Thursday 14 May 2015

The Flash - 'The Trap' and 'Grodd Lives'

The Pipeline continues to be both a minion bank and an ethical puzzle that
no-one seems to want to address.
With the entire team now aware of Wells' identity as the Reverse Flash, it's time for our heroes to set a trap. Their plan, having used lucid dreaming to recover Cisco's memories of the averted timeline, is to recreate his confrontation with Wells, get him to confess to murdering Nora Allen, then lock him in the Pipeline forever.

Of course, nothing is ever that simple.

The episode manages to build up a decent bit of tension. We've already had the heartbreak of watching Cisco die once, and the moment where Wells seemingly steps through the forcefield to kill him is a real panic moment. The revelation of the Reverse Flash's counter-trap and truly sinister level of surveillance is well-executed, and the flashback in which Joe calls for help with the words 'my son is coding' is a truly brilliant Dad moment.

We end the episode with Wells/Eobard Thawne kidnapping his apparent ancestor Eddie, and a chance spark of static electricity revealing to Iris that Barry is the Flash.

How does Grodd hear a supersonic punch coming? I mean... by definition the
Flash is running faster than sound, right? Oh, this is going to bug me.
We thus begin the next episode with Iris pissed at the men in her life for being all overprotective, which is fair. I'm still not buying them as a couple, but the episode does recapture something of the 'best friends' vibe.

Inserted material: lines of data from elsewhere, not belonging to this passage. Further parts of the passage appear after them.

lemma absolutely_integrable_on_bounded_abs_monotone_limit:
  fixes h :: "nat \<Rightarrow> 'a::euclidean_space \<Rightarrow> real"
  assumes h: "\<And>k. h k absolutely_integrable_on S"
    and mono: "\<And>k x. x \<in> S \<Longrightarrow> \<bar>h k x\<bar> \<le> \<bar>h (Suc k) x\<bar>"
    and lim: "\<And>x. x \<in> S \<Longrightarrow> (\<lambda>k. h k x) \<longlonglongrightarrow> g x"
    and M: "\<And>k. integral S (\<lambda>x. \<bar>h k x\<bar>) \<le> M"
  shows "g absolutely_integrable_on S"
proof -
  have "(\<lambda>x. \<bar>g x\<bar>) integrable_on S"
  proof (rule conjunct1[OF monotone_convergence_increasing])
    show "(\<lambda>x. \<bar>h k x\<bar>) integrable_on S" for k
      by (rule absolutely_integrable_on_imp_abs_integrable_on[OF h])
    have "0 \<le> integral S (\<lambda>x. \<bar>h k x\<bar>)" for k
      by (intro integral_nonneg absolutely_integrable_on_imp_abs_integrable_on h) auto
    then have "\<bar>integral S (\<lambda>x. \<bar>h k x\<bar>)\<bar> \<le> M" for k
      using M[of k] by simp
    then show "bounded (range (\<lambda>k. integral S (\<lambda>x. \<bar>h k x\<bar>)))"
      unfolding bounded_iff by auto
  qed (use mono lim in \<open>auto intro: tendsto_rabs\<close>)
  moreover from this have "g integrable_on S"
    by (rule dominated_convergence_integrable[OF h]) (auto intro: lim)
  ultimately show ?thesis
    by (intro abs_absolutely_integrableI_1)
qed

lemma absolutely_integrable_on_Icc_exhaustion:
  fixes f :: "real \<Rightarrow> real"
  assumes "s < t"
    and f: "\<And>a b. s < a \<Longrightarrow> b < t \<Longrightarrow> f absolutely_integrable_on {a..b}"
    and M: "\<And>a b. s < a \<Longrightarrow> a \<le> b \<Longrightarrow> b < t \<Longrightarrow> integral {a..b} (\<lambda>x. \<bar>f x\<bar>) \<le> M"
  shows "f absolutely_integrable_on {s..t}"
proof -
  obtain a b where ab: "\<And>k. s < a k" "\<And>k. a k \<le> b k" "\<And>k. b k < t"
    and mono: "\<And>k. a (Suc k) \<le> a k" "\<And>k. b k \<le> b (Suc k)"
    and exhausting: "\<And>x. (\<lambda>k. indicator {a k..b k} x :: real) \<longlonglongrightarrow> indicator {s<..<t} x"
    using Icc_exhaustion[OF \<open>s < t\<close>] by blast
  define h where "h k x = (if x \<in> {a k..b k} then f x else 0)" for k x
  define g where "g x = (if x \<in> {s<..<t} then f x else 0)" for x
  have "g absolutely_integrable_on {s..t}"
  proof (rule absolutely_integrable_on_bounded_abs_monotone_limit)
    show "h k absolutely_integrable_on {s..t}" for k
    proof -
      have "h k absolutely_integrable_on UNIV"
        unfolding h_def absolutely_integrable_restrict_UNIV using f[OF ab(1,3)] .
      then show ?thesis
        by (rule set_integrable_subset) auto
    qed
    show "\<bar>h k x\<bar> \<le> \<bar>h (Suc k) x\<bar>" for k x
      using mono[of k] by (auto simp: h_def)
    show "(\<lambda>k. h k x) \<longlonglongrightarrow> g x" for x
      using tendsto_mult_right[OF exhausting[of x], of "f x"]
      by (simp add: h_def g_def indicator_times_eq_if)
    show "integral {s..t} (\<lambda>x. \<bar>h k x\<bar>) \<le> M" for k
    proof -
      have "integral {s..t} (\<lambda>x. \<bar>h k x\<bar>) = integral {a k..b k} (\<lambda>x. \<bar>f x\<bar>)"
        using integral_restrict_Int[of "{s..t}" "{a k..b k}" "\<lambda>x. \<bar>f x\<bar>"] ab(1,3)[of k]
        by (simp add: h_def if_distrib Int_absorb2 cong: if_cong)
      then show ?thesis
        using M[OF ab(1,2,3)] by simp
    qed
  qed
  then show ?thesis
    by (rule absolutely_integrable_spike[of _ _ "{s, t}"]) (auto simp: g_def)
qed

section \<open>Cosine coefficients and the Riemann--Lebesgue lemma\<close>

text \<open>For \<open>n \<ge> 1\<close> this is \<open>\<pi>\<close> times the classical Fourier cosine coefficient.\<close>
definition cos_coeff :: "(real \<Rightarrow> real) \<Rightarrow> nat \<Rightarrow> real" where
  "cos_coeff h n = integral {0..2*pi} (\<lambda>t. h t * cos (real n * t))"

The episode isn't 'Barry and Iris's Heart-to-Heart', however, it's 'Grodd Lives'. A series of gold robberies are discovered to have been committed by General Eiling under Grodd's mental control. When the big ape proves able to disable the Flash with telepathic pain, the tech team make him a disruptor, but Grodd also turns out to be a match for Barry in combat, and even defeated is able to make his escape.

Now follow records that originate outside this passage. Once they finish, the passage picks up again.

(* Paths are recast as reflexive transitive closures of single moves.  Supermodularity makes an
   upward improvement persist when the rest of the configuration is raised: if switching player i
   from -1 to +1 is an improvement at y, it still is one at every w \<ge> y with w i = -1.  Hence a
   monotone path from x can be replayed from any x' \<ge> x, which gives (iii), and (i) follows by
   replaying the path to z from y.  Along an arbitrary path one maintains a monotone path ending
   above the current configuration, skipping downward steps and replaying upward ones, which gives
   the upper half of (v).  Negating all actions yields again a supermodular game in which
   anti-monotone paths become monotone ones, so (ii), (iv) and the lower half of (v) follow by
   symmetry. *)

theory Submission
  imports Defs
begin

lemma successively_rtranclp:
  "successively r xs \<Longrightarrow> xs \<noteq> [] \<Longrightarrow> r\<^sup>*\<^sup>* (hd xs) (last xs)"
  by (induction xs rule: induct_list012) (auto intro: converse_rtranclp_into_rtranclp)

lemma rtranclp_successively:
  "r\<^sup>*\<^sup>* x y \<Longrightarrow> \<exists>xs. xs \<noteq> [] \<and> set xs \<subseteq> insert x {b. \<exists>a. r a b} \<and>
      successively r xs \<and> hd xs = x \<and> last xs = y"
proof (induction rule: rtranclp_induct)
  case base
  show ?case by (intro exI[of _ "[x]"]) simp
next
  case (step y z)
  then obtain xs where "xs \<noteq> []" "set xs \<subseteq> insert x {b. \<exists>a. r a b}"
    "successively r xs" "hd xs = x" "last xs = y" by blast
  with step.hyps(2) show ?case
    by (intro exI[of _ "xs @ [z]"]) (auto simp: successively_append_iff)
qed

lemma ex_path_iff_rtranclp:
  assumes "\<And>a b. r a b \<Longrightarrow> a \<in> A \<and> b \<in> A"
  shows "(\<exists>xs. xs \<noteq> [] \<and> set xs \<subseteq> A \<and> successively r xs \<and> hd xs = x \<and> last xs = y)
    \<longleftrightarrow> x \<in> A \<and> r\<^sup>*\<^sup>* x y"
proof
  assume "\<exists>xs. xs \<noteq> [] \<and> set xs \<subseteq> A \<and> successively r xs \<and> hd xs = x \<and> last xs = y"
  then show "x \<in> A \<and> r\<^sup>*\<^sup>* x y" by (metis hd_in_set subsetD successively_rtranclp)
next
  assume "x \<in> A \<and> r\<^sup>*\<^sup>* x y"
  with rtranclp_successively[of r x y] assms
  show "\<exists>xs. xs \<noteq> [] \<and> set xs \<subseteq> A \<and> successively r xs \<and> hd xs = x \<and> last xs = y"
    by blast
qed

These episodes make substantial advances in showing a more tactical Flash, attempting the supersonic punch on Grodd and using a vacuum to put out a fire, although it's not clear how Grodd is able to fight the Flash at the speed he can move. Nonetheless, it is good to see a major villain like Grodd given his due here and not treated as disposable.

The emotional core is supposed to be Barry's reconciliation with Iris and her admission of her feelings for him, but this is sharked from under them by Jesse L Martin's turn as Joe, letting rip and showing real terror when he is captured by Grodd. Joe is a tough guy and rarely shows weakness, but Martin holds nothing back to demonstrate his absolute helplessness in the face of a creature that can out-think him, out-fight him, and even turn his own body against him. It's powerful stuff, and a vulnerability not many action men get to show.

Meanwhile, Reverse Flash is puttering about and getting his master plan to return home ready, all the while mocking Eddie for being 'the only Thawne history forgot,' and taunting him with the 'Iris West-Allen*' byline on his future newspaper. This, coupled with Iris's whole 'Eddie is the man I live with' refusal to talk about her feelings for Barry until Eddie is rescued has me really rooting for 'Detective Pretty Boy' to come out on top in all of this, not least because of Rick Cosnett's superb kicked puppy face, which incredibly gives Grant Gustin and Carlos Valdes** a run for their money.

An important transition over these two episodes was Team Flash letting go of the Harrison Wells that they thought they knew, and whose advice and care had been an invaluable part of their work. Barry reflects on his seeming kindness and apparently genuine desire to help him to help people, while Cisco and Caitlin question their ability to create an effective telepathic dampener without his input. It's a critical growing up moment for them. Reverse Flash himself*** even gets to reflect how much he has enjoyed working with the Flash, despite his absolute loathing of the man Barry is to grow into. His suggestion that his final defeat of the Flash will be some sort of 'reckoning' is intriguing to me, and I wonder what it is that Thawne is trying to avert, and whether his goals are as purely nefarious as they might at first appear.

* West-Allen just sounds like a gentrifying suburb to me.
** Seriously, this series loves it some woobies.
*** Fortunately, he doesn't seem to be going by 'Professor Zoom'.